This morning I drove from Logan to Lyman at 7:30 a.m. I wanted to get home in time for the meetings in my own ward. I’ve learned I love my ward, my people, my bishopric, my bench. I love my neighbors, my friends, my sisters, my gospel doctrine teacher.
I could have stayed in Logan. I could have worn something of Mikelle’s and been just fine. But I wanted to be in my ward.
This comes as a surprise to me because just a few weeks ago I wanted to be anywhere BUT my ward!. I was still frustrated with someone and wasn’t comfortable seeing her on Sundays.[I’m all over that, finally.] For four weeks I attended the two other wards in my building. I wanted it to be the same — after all, it’s not like I was staying home on the Sabbath; I was attending!

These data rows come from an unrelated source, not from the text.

theorem proposition5:
  fixes f10 f20 g20 x0 \<mu>1 L1 \<mu>2 L2 \<Delta> U :: real and N :: nat
    and x g1 f1k xbar :: "nat \<Rightarrow> real" and f1 f2 :: "real \<Rightarrow> real"
  assumes hDelta: "f10 - f20 > 0"
    and hN: "N \<ge> 1"
    and hmu1: "0 \<le> \<mu>1" and h12: "\<mu>1 < L2" and h21: "L2 \<le> L1"
    and hmu2a: "\<mu>2 < L2" and hmu2b: "\<mu>2 < L1"
    and hcase: "\<mu>2 \<ge> 0 \<or>
      (\<mu>1 > - \<mu>2 \<and> - \<mu>2 > 0 \<and>
       (L2 + \<mu>2) / (L1 * L2) * ((L2 - L1) / (- \<mu>2)) + inverse \<mu>1 - inverse L1 \<le> 0)"
    and Delta_def: "\<Delta> = f10 - f20"
    and U_def: "U = - sqrt (2 * \<Delta> / (p1_const \<mu>1 L1 L2 * real N))"
    and x_def: "x = (\<lambda>k::nat. x0 - real k * U / L2)"
    and g1_def: "g1 = (\<lambda>k::nat. g20 - (real k - 1) * U)"
    and f2_def: "f2 = (\<lambda>y::real. 1/2 * L2 * (y - x0)\<^sup>2 + g20 * (y - x0) + f20)"
    and f1k_def: "f1k = (\<lambda>k::nat. f2 (x k) + (real N - real k) / real N * \<Delta>)"
    and xbar_def: "xbar = (\<lambda>k::nat. x k - (L2 - \<mu>1) / (L1 - \<mu>1) * U / L2)"
    and f1_def: "f1 = (\<lambda>y::real.
           if y \<le> x0 then 1/2 * L1 * (y - x0)\<^sup>2 + g1 0 * (y - x0) + f1k 0
           else if x N \<le> y then 1/2 * L1 * (y - x N)\<^sup>2 + g1 N * (y - x N) + f1k N
           else (let k = nat \<lfloor>(y - x0) / (- U / L2)\<rfloor> in
                 if y \<le> xbar k then 1/2 * L1 * (y - x k)\<^sup>2 + g1 k * (y - x k) + f1k k
                 else 1/2 * \<mu>1 * (y - x (Suc k))\<^sup>2 + g1 (Suc k) * (y - x (Suc k))
                      + f1k (Suc k)))"
  shows "FmuL \<mu>1 L1 f1 \<and> FmuL \<mu>2 L2 f2
    \<and> (\<forall>k<N. dca_step f1 f2 (x k) (x (Suc k)))
    \<and> 1/2 * Min ((\<lambda>k. (deriv f1 (x k) - deriv f2 (x k))\<^sup>2) ` {0..N})
        = \<Delta> / (p1_const \<mu>1 L1 L2 * real N)"
proof -
  have L2_pos: "0 < L2"
    using hmu1 h12 by linarith
  have p_pos: "0 < p1_const \<mu>1 L1 L2"
    using hmu1 h12 h21 by (rule p1_const_pos)
  then have "0 < 2 * \<Delta> / (p1_const \<mu>1 L1 L2 * real N)"
    using hDelta Delta_def hN by simp
  then have U_sq: "U\<^sup>2 = 2 * \<Delta> / (p1_const \<mu>1 L1 L2 * real N)" and "U < 0"
    unfolding U_def by simp_all
  interpret dca_worst_case \<mu>1 L1 L2 "- U / L2" "\<Delta> / real N" x0 g20 f20 N x g1 f1k xbar f1 f2
  proof
    show "0 < - U / L2"
      using \<open>U < 0\<close> L2_pos by (simp add: divide_neg_pos)
    show "2 * (\<Delta> / real N) = (L2 * (- U / L2))\<^sup>2 * p1_const \<mu>1 L1 L2"
      using U_sq L2_pos p_pos hN by (simp add: field_simps)
    show "g1 k = g20 + (real k - 1) * L2 * (- U / L2)" for k
      using L2_pos by (simp add: g1_def)
  qed (use hmu1 h12 h21 f2_def f1_def in \<open>simp_all add: x_def f1k_def xbar_def\<close>)
  show ?thesis
    using f1_in_class f2_in_class hmu2a dca_step_along_grid half_min_squared_gap by simp
qed

end
text \<open>The radius bound is only needed to make the supremum defining \<open>W1\<close> bounded, without which
  the real-valued \<open>SUP\<close> is an unspecified value.\<close>

lemma abs_integral_diff_le_W1_if_lipschitz:
  fixes P Q :: "'z::real_normed_vector measure" and f :: "'z \<Rightarrow> real"
  assumes P: "prob_space P" and Q: "prob_space Q"
    and sP: "sets P = sets (restrict_space borel Zs)" and sQ: "sets Q = sets (restrict_space borel Zs)"
    and R: "\<forall>z\<in>Zs. norm z \<le> R" and f: "1-lipschitz_on Zs f"
  shows "\<bar>integral\<^sup>L P f - integral\<^sup>L Q f\<bar> \<le> W1 P Q"
proof -
  have space_P: "space P = Zs"
    using sets_eq_imp_space_eq[OF sP] by (simp add: space_restrict_space)
  obtain B where "\<And>f :: 'z \<Rightarrow> real. 1-lipschitz_on Zs f \<Longrightarrow> \<bar>integral\<^sup>L P f - integral\<^sup>L Q f\<bar> \<le> B"
    using abs_integral_diff_le_Adv_if_lipschitz[OF P Q sP sQ R] by blast
  then have "bdd_above ((\<lambda>f. \<bar>integral\<^sup>L P f - integral\<^sup>L Q f\<bar>) ` {f :: 'z \<Rightarrow> real. 1-lipschitz_on (space P) f})"
    by (intro bdd_aboveI2[where M=B]) (simp add: space_P)
  then show ?thesis
    unfolding W1_def using f space_P by (intro cSUP_upper) simp_all
qed

lemma W1_le_Adv:
  fixes P Q :: "'z::real_normed_vector measure"
  assumes P: "prob_space P" and Q: "prob_space Q"
    and sP: "sets P = sets (restrict_space borel Zs)" and sQ: "sets Q = sets (restrict_space borel Zs)"
    and R: "\<forall>z\<in>Zs. norm z \<le> R"
  shows "W1 P Q
    \<le> 2 * R * Adv {t :: 'z \<Rightarrow> bool. t \<in> measurable (restrict_space borel Zs) (count_space UNIV)} Q P"
proof -
  have space_P: "space P = Zs"
    using sets_eq_imp_space_eq[OF sP] by (simp add: space_restrict_space)
  have "(\<lambda>_. 0) \<in> {f :: 'z \<Rightarrow> real. 1-lipschitz_on (space P) f}"
    by (simp add: lipschitz_on_def)
  then show ?thesis
    unfolding W1_def using abs_integral_diff_le_Adv_if_lipschitz[OF Q P sQ sP R]
    by (intro cSUP_least) (auto simp: space_P abs_minus_commute)
qed

lemma abs_integral_diff_le_W1:
  fixes P Q :: "'z::real_normed_vector measure" and h :: "'z \<Rightarrow> real"
  assumes P: "prob_space P" and Q: "prob_space Q"
    and sP: "sets P = sets (restrict_space borel Zs)" and sQ: "sets Q = sets (restrict_space borel Zs)"
    and R: "\<forall>z\<in>Zs. norm z \<le> R" and h: "C-lipschitz_on Zs h"
  shows "\<bar>integral\<^sup>L P h - integral\<^sup>L Q h\<bar> \<le> C * W1 P Q"
proof (cases "C = 0")
  case True
  interpret P: prob_space P by (rule P)
  interpret Q: prob_space Q by (rule Q)
  have space: "space P = Zs" "space Q = Zs"
    using sets_eq_imp_space_eq[OF sP] sets_eq_imp_space_eq[OF sQ] by (simp_all add: space_restrict_space)
  obtain z0 where z0: "z0 \<in> Zs"
    using P.not_empty space by auto
  have "h z = h z0" if "z \<in> Zs" for z
    using lipschitz_onD[OF h that z0] True by simp
  then have "integral\<^sup>L P h = h z0" "integral\<^sup>L Q h = h z0"
    by (auto intro: P.expectation_eq_const Q.expectation_eq_const simp: space)
  then show ?thesis
    using True by simp
next
  case False
  then have "0 < C"
    using lipschitz_on_nonneg[OF h] by simp
  have "1-lipschitz_on Zs (\<lambda>z. h z / C)"
  proof (rule lipschitz_onI)
    fix x y assume "x \<in> Zs" "y \<in> Zs"
    then have "\<bar>h x - h y\<bar> \<le> C * dist x y"
      using lipschitz_onD[OF h] by (simp add: dist_real_def)
    then show "dist (h x / C) (h y / C) \<le> 1 * dist x y"
      using \<open>0 < C\<close> by (simp add: dist_real_def abs_divide pos_divide_le_eq mult.commute flip: diff_divide_distrib)
  qed simp
  from abs_integral_diff_le_W1_if_lipschitz[OF P Q sP sQ R this]
  have "\<bar>integral\<^sup>L P h - integral\<^sup>L Q h\<bar> / C \<le> W1 P Q"
    using \<open>0 < C\<close> by (simp add: abs_divide flip: diff_divide_distrib)
  then show ?thesis
    using \<open>0 < C\<close> by (simp add: pos_divide_le_eq mult.commute)
qed

lemma abs_label_diff_le_xent:
  assumes "0 \<le> p" "p \<le> 1"
  shows "ennreal \<bar>(if y then 1 else 0) - p\<bar> \<le> xent y p"
proof (cases y)
  case True
  show ?thesis
  proof (cases "p = 0")
    case False
    then have "ln p \<le> p - 1"
      using assms by (intro ln_le_minus_one) simp
    then show ?thesis
      using True False assms by (auto simp: xent_def intro!: ennreal_leI)
  qed (simp add: xent_def True)
next
  case False
  show ?thesis
  proof (cases "p = 1")
    case p_ne_1: False
    then have "ln (1 - p) \<le> (1 - p) - 1"
      using assms by (intro ln_le_minus_one) simp
    then show ?thesis
      using False p_ne_1 assms by (auto simp: xent_def intro!: ennreal_leI)
  qed (simp add: xent_def False)
qed

lemma (in prob_space) abs_prob_diff_expectation_le_xent:
  fixes Y :: "'a \<Rightarrow> bool" and q :: "'a \<Rightarrow> real"
  assumes Y: "Y \<in> measurable M (count_space UNIV)" and q: "q \<in> borel_measurable M"
    and q01: "\<And>\<omega>. \<omega> \<in> space M \<Longrightarrow> 0 \<le> q \<omega> \<and> q \<omega> \<le> 1"
  shows "ennreal \<bar>prob {\<omega>\<in>space M. Y \<omega>} - expectation q\<bar> \<le> (\<integral>\<^sup>+ \<omega>. xent (Y \<omega>) (q \<omega>) \<partial>M)"
proof -
  define y where "y \<omega> = (if Y \<omega> then 1 else 0 :: real)" for \<omega>
  have y_int: "integrable M y"
    unfolding y_def using Y by (intro integrable_const_bound[where B=1]) auto
  have q_int: "integrable M q"
    using q q01 by (intro integrable_const_bound[where B=1]) auto
  have "prob {\<omega>\<in>space M. Y \<omega>} = expectation (indicator {\<omega>\<in>space M. Y \<omega>})"
    by (simp add: Int_absorb2 subset_iff)
  also have "\<dots> = expectation y"
    by (rule Bochner_Integration.integral_cong) (auto simp: y_def indicator_def)
  finally have "\<bar>prob {\<omega>\<in>space M. Y \<omega>} - expectation q\<bar> = \<bar>expectation (\<lambda>\<omega>. y \<omega> - q \<omega>)\<bar>"
    using y_int q_int by simp
  also have "\<dots> \<le> expectation (\<lambda>\<omega>. \<bar>y \<omega> - q \<omega>\<bar>)"
    by (rule integral_abs_bound)
  finally have "ennreal \<bar>prob {\<omega>\<in>space M. Y \<omega>} - expectation q\<bar> \<le> ennreal (expectation (\<lambda>\<omega>. \<bar>y \<omega> - q \<omega>\<bar>))"
    by (rule ennreal_leI)
  also have "\<dots> = (\<integral>\<^sup>+ \<omega>. ennreal \<bar>y \<omega> - q \<omega>\<bar> \<partial>M)"
    using y_int q_int by (simp add: nn_integral_eq_integral)
  also have "\<dots> \<le> (\<integral>\<^sup>+ \<omega>. xent (Y \<omega>) (q \<omega>) \<partial>M)"
    using q01 abs_label_diff_le_xent by (intro nn_integral_mono) (auto simp: y_def)
  finally show ?thesis .
qed

lemma ereal_add_le_enn2ereal_add:
  fixes x y :: real
  assumes "ennreal x \<le> a" "ennreal y \<le> b" "0 \<le> x" "0 \<le> y"
  shows "ereal (x + y) \<le> enn2ereal (a + b)"
proof -
  have "ereal (x + y) = enn2ereal (ennreal x + ennreal y)"
    using assms(3,4) by (simp flip: ennreal_plus)
  also have "\<dots> \<le> enn2ereal (a + b)"
    using add_mono[OF assms(1,2)] by (simp add: less_eq_ennreal.rep_eq)
  finally show ?thesis .
qed

lemma xent_errors_ge_label_gap_minus_W1:
  fixes D :: "bool \<Rightarrow> 'w measure" and Y :: "'w \<Rightarrow> bool"
    and \<phi> :: "'w \<Rightarrow> 'z::real_normed_vector" and h :: "'z \<Rightarrow> real"
  assumes D: "\<And>a. prob_space (D a)"
    and Y: "\<And>a. Y \<in> measurable (D a) (count_space UNIV)"
    and \<phi>: "\<And>a. \<phi> \<in> measurable (D a) (restrict_space borel Zs)"
    and R: "\<forall>z\<in>Zs. norm z \<le> R"
    and h: "h \<in> borel_measurable (restrict_space borel Zs)"
    and h01: "\<forall>z\<in>Zs. 0 \<le> h z \<and> h z \<le> 1" and h_lip: "C-lipschitz_on Zs h"
  shows "ereal (\<bar>measure (D False) {\<omega>\<in>space (D False). Y \<omega>} - measure (D True) {\<omega>\<in>space (D True). Y \<omega>}\<bar>
      - C * W1 (distr (D False) (restrict_space borel Zs) \<phi>) (distr (D True) (restrict_space borel Zs) \<phi>))
    \<le> enn2ereal ((\<integral>\<^sup>+ \<omega>. xent (Y \<omega>) (h (\<phi> \<omega>)) \<partial>D False) + (\<integral>\<^sup>+ \<omega>. xent (Y \<omega>) (h (\<phi> \<omega>)) \<partial>D True))"
proof -
  define Zd where "Zd a = distr (D a) (restrict_space borel Zs) \<phi>" for a
  define p where "p a = measure (D a) {\<omega>\<in>space (D a). Y \<omega>}" for a
  define e where "e a = integral\<^sup>L (Zd a) h" for a
  have err: "ennreal \<bar>p a - e a\<bar> \<le> (\<integral>\<^sup>+ \<omega>. xent (Y \<omega>) (h (\<phi> \<omega>)) \<partial>D a)" for a
  proof -
    have "\<phi> \<omega> \<in> Zs" if "\<omega> \<in> space (D a)" for \<omega>
      using measurable_space[OF \<phi> that] by (simp add: space_restrict_space)
    then show ?thesis
      unfolding p_def e_def Zd_def integral_distr[OF \<phi> h] using h01
      by (intro prob_space.abs_prob_diff_expectation_le_xent[OF D Y] measurable_compose[OF \<phi> h]) simp
  qed
  have Zd_prob: "prob_space (Zd a)" and Zd_sets: "sets (Zd a) = sets (restrict_space borel Zs)" for a
    unfolding Zd_def using prob_space.prob_space_distr[OF D \<phi>] by simp_all
  have "\<bar>e False - e True\<bar> \<le> C * W1 (Zd False) (Zd True)"
    unfolding e_def by (rule abs_integral_diff_le_W1[OF Zd_prob Zd_prob Zd_sets Zd_sets R h_lip])
  then have "ereal (\<bar>p False - p True\<bar> - C * W1 (Zd False) (Zd True))
      \<le> ereal (\<bar>p False - e False\<bar> + \<bar>p True - e True\<bar>)"
    by simp
  also have "\<dots> \<le> enn2ereal ((\<integral>\<^sup>+ \<omega>. xent (Y \<omega>) (h (\<phi> \<omega>)) \<partial>D False) + (\<integral>\<^sup>+ \<omega>. xent (Y \<omega>) (h (\<phi> \<omega>)) \<partial>D True))"
    using err by (intro ereal_add_le_enn2ereal_add) simp_all
  finally show ?thesis
    unfolding p_def Zd_def .
qed

lemma (in prob_space) prob_space_cond_dist:
  assumes "S \<in> events" "0 < prob S"
  shows "prob_space (cond_dist M S)"
  unfolding cond_dist_def using assms
  by (intro prob_space_uniform_measure[unfolded uniform_measure_def]) (auto simp: emeasure_eq_measure)

lemma (in prob_space) prob_space_cond_dist_bool:
  assumes A: "A \<in> measurable M (count_space UNIV)"
    and "0 < prob {\<omega> \<in> space M. \<not> A \<omega>}" "prob {\<omega> \<in> space M. \<not> A \<omega>} < 1"
  shows "prob_space (cond_dist M {\<omega> \<in> space M. A \<omega> = a})"
proof (rule prob_space_cond_dist)
  show event: "{\<omega> \<in> space M. A \<omega> = a} \<in> events" for a
    using A by measurable
  show "0 < prob {\<omega> \<in> space M. A \<omega> = a}"
  proof (cases a)
    case True
    then have "{\<omega> \<in> space M. A \<omega> = a} = space M - {\<omega> \<in> space M. A \<omega> = False}"
      by auto
    then show ?thesis
      using prob_compl[OF event[of False]] assms(3) by simp
  qed (use assms(2) in simp)
qed

theorem theorem1:
  fixes M :: "'w measure" and SX :: "'x measure"
    and X :: "'w \<Rightarrow> 'x" and A Y :: "'w \<Rightarrow> bool"
    and g :: "'x \<Rightarrow> 'z::euclidean_space" and Zs :: "'z set"
    and R C :: real and h :: "'z \<Rightarrow> real"
  assumes "prob_space M"
    and "X \<in> measurable M SX"
    and "A \<in> measurable M (count_space UNIV)"
    and "Y \<in> measurable M (count_space UNIV)"
    and "0 < measure M {\<omega> \<in> space M. \<not> A \<omega>}"
    and "measure M {\<omega> \<in> space M. \<not> A \<omega>} < 1"
    and "g \<in> measurable SX (restrict_space borel Zs)"
    and "\<forall>z \<in> Zs. norm z \<le> R"
    and "h \<in> borel_measurable (restrict_space borel Zs)"
    and "\<forall>z \<in> Zs. 0 \<le> h z \<and> h z \<le> 1"
    and "C-lipschitz_on Zs h"
  shows "let D = (\<lambda>a. cond_dist M {\<omega> \<in> space M. A \<omega> = a});
             Zd = (\<lambda>a. distr (D a) (restrict_space borel Zs) (\<lambda>\<omega>. g (X \<omega>)));
             err = (\<lambda>a. \<integral>\<^sup>+ \<omega>. xent (Y \<omega>) (h (g (X \<omega>))) \<partial>(D a));
             \<delta> = \<bar>measure (D False) {\<omega> \<in> space M. Y \<omega>} - measure (D True) {\<omega> \<in> space M. Y \<omega>}\<bar>;
             FA = {f :: 'z \<Rightarrow> bool. f \<in> measurable (restrict_space borel Zs) (count_space UNIV)}
         in ereal (\<delta> - C * W1 (Zd False) (Zd True)) \<le> enn2ereal (err False + err True)
            \<and> \<delta> - C * W1 (Zd False) (Zd True) \<ge> \<delta> - 2 * R * C * Adv FA (Zd True) (Zd False)"
proof -
  interpret M: prob_space M by fact
  define D where "D a = cond_dist M {\<omega> \<in> space M. A \<omega> = a}" for a
  define Zd where "Zd a = distr (D a) (restrict_space borel Zs) (\<lambda>\<omega>. g (X \<omega>))" for a
  have D: "prob_space (D a)" for a
    unfolding D_def using assms(3,5,6) by (rule M.prob_space_cond_dist_bool)
  have sets_D: "sets (D a) = sets M" for a
    by (simp add: D_def cond_dist_def)
  have enc: "(\<lambda>\<omega>. g (X \<omega>)) \<in> measurable (D a) (restrict_space borel Zs)" for a
    using measurable_compose[OF assms(2,7)] by (simp add: measurable_cong_sets[OF sets_D refl])
  have "ereal (\<bar>measure (D False) {\<omega>\<in>space M. Y \<omega>} - measure (D True) {\<omega>\<in>space M. Y \<omega>}\<bar>
      - C * W1 (Zd False) (Zd True))
    \<le> enn2ereal ((\<integral>\<^sup>+ \<omega>. xent (Y \<omega>) (h (g (X \<omega>))) \<partial>D False) + (\<integral>\<^sup>+ \<omega>. xent (Y \<omega>) (h (g (X \<omega>))) \<partial>D True))"
    using xent_errors_ge_label_gap_minus_W1[OF D _ enc assms(8-11), of Y] assms(4)
    by (simp add: Zd_def sets_eq_imp_space_eq[OF sets_D] measurable_cong_sets[OF sets_D refl])
  moreover have "C * W1 (Zd False) (Zd True)
      \<le> C * (2 * R * Adv {f. f \<in> measurable (restrict_space borel Zs) (count_space UNIV)} (Zd True) (Zd False))"
    using W1_le_Adv[OF prob_space.prob_space_distr[OF D enc] prob_space.prob_space_distr[OF D enc] _ _ assms(8)]
      lipschitz_on_nonneg[OF assms(11)]
    by (intro mult_left_mono) (simp_all add: Zd_def)
  ultimately show ?thesis
    unfolding Let_def D_def Zd_def by (simp add: algebra_simps)
qed
lemma linear_expand:
  assumes "is_linear (f::('b::finite \<Rightarrow> 'k::field) \<Rightarrow> _)"
  shows "f u t = (\<Sum>a\<in>UNIV. u a * f (basisvec a) t)"
proof -
  have "u = (\<lambda>x. \<Sum>a\<in>UNIV. u a * basisvec a x)"
    by (rule ext) (simp add: basisvec_def mult_if_zero cong: if_cong)
  then have "f u = f (\<lambda>x. \<Sum>a\<in>UNIV. u a * basisvec a x)" by simp
  also have "\<dots> = (\<lambda>t. \<Sum>a\<in>UNIV. u a * f (basisvec a) t)" using assms by (rule linear_sum) simp
  finally show ?thesis by simp
qed

lemma sum_basisvec: "(\<Sum>a\<in>UNIV. u a * basisvec b a) = (u (b::'b::finite) :: 'k::field)"
  by (simp add: basisvec_def mult_if_zero)

lemma tmap_id_slice:
  assumes "is_linear f"
  shows "tmap (\<lambda>u. u) f w (b1, t) = f (\<lambda>d. w (b1, d)) t"
proof -
  have "tmap (\<lambda>u. u) f w (b1, t) = (\<Sum>b\<in>UNIV. \<Sum>d\<in>UNIV. w (b, d) * basisvec b b1 * f (basisvec d) t)"
    by (simp add: tmap_def sum_UNIV_prod)
  also have "\<dots> = (\<Sum>b\<in>UNIV. if b = b1 then (\<Sum>d\<in>UNIV. w (b1, d) * f (basisvec d) t) else 0)"
    by (rule sum.cong) (auto simp: basisvec_def)
  also have "\<dots> = (\<Sum>d\<in>UNIV. w (b1, d) * f (basisvec d) t)"
    by simp
  also have "\<dots> = f (\<lambda>d. w (b1, d)) t"
    by (simp only: linear_expand[OF assms, of "\<lambda>d. w (b1, d)" t])
  finally show ?thesis .
qed

lemma hmult_add_left: "hmult H (\<lambda>b. f b + g b) h a = hmult H f h a + hmult H g h a"
  by (simp add: hmult_def distrib_right sum.distrib)
lemma hmult_add_right: "hmult H h (\<lambda>b. f b + g b) a = hmult H h f a + hmult H h g a"
  by (simp add: hmult_def distrib_left distrib_right sum.distrib)
lemma hmult_diff_left: "hmult H (\<lambda>b. f b - g b) h a = hmult H f h a - hmult H g h a"
  by (simp add: hmult_def left_diff_distrib sum_subtractf)
lemma hmult_diff_right: "hmult H h (\<lambda>b. f b - g b) a = hmult H h f a - hmult H h g a"
  by (simp add: hmult_def right_diff_distrib left_diff_distrib sum_subtractf)
lemma hmult_zero_right: "hmult H h (\<lambda>b. 0) = (\<lambda>b. 0)"
  by (simp add: hmult_def fun_eq_iff)
lemma hcomult_add: "hcomult H (\<lambda>b. f b + g b) z = hcomult H f z + hcomult H g z"
  by (simp add: hcomult_def distrib_right sum.distrib split: prod.split)
lemma hcomult_diff: "hcomult H (\<lambda>b. f b - g b) z = hcomult H f z - hcomult H g z"
  by (simp add: hcomult_def left_diff_distrib sum_subtractf split: prod.split)

section \<open>Rows of morphisms out of a dual Hopf algebra\<close>

lemma hmult_dual_basis: "hmult (dual_hopf H) (basisvec a1) (basisvec a2) = (\<lambda>b. dc H b a1 a2)"
  by (rule ext) (simp add: hmult_def dual_hopf_def basisvec_def mult_if_zero sum_if_const cong: if_cong)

But it wasn’t the same! I was in the same building. I was with people I have known for the past thirty years. People I love and admire. People I have connections with in other areas of my life. People I work with or see several times a week. But it wasn’t my ward.
This morning everything was back to normal. A dear friend who gave me a big hug last week was there. My friend Teri and her two daughters sat on my row. Several friends asked about hubby and his knee replacement, all offering help, meals and support. A new sister in the ward taught the lesson and I’m so glad I didn’t miss it. She’s a phenomenal teacher! A visitor cried as she poured out her heart and thoughts about stay-at-home mothers who have so much to give and contribute to society. She touched us all. The music was wonderful! Two darling little sisters, age 4 and 7, sang a Primary song [“I Lived in Heaven a Long Time Ago, It Is True”] during our Relief Society lesson. We had a great discussion about Abraham and the Abrahamic Covenant in Sunday School class. The Westons’ spoke in Sacrament meeting about having a good foundation in our lives, in our families.
It was an extraordinary day.
I’m sure most people feel the same way. I’m sure they have important, supportive, special, uplifting connections with others that are monumental in their lives. I’m sure they have a network of sisterhood, devotion, love and friendship. I’ve always known I had it.
I just didn’t realize how significant it was in my own life.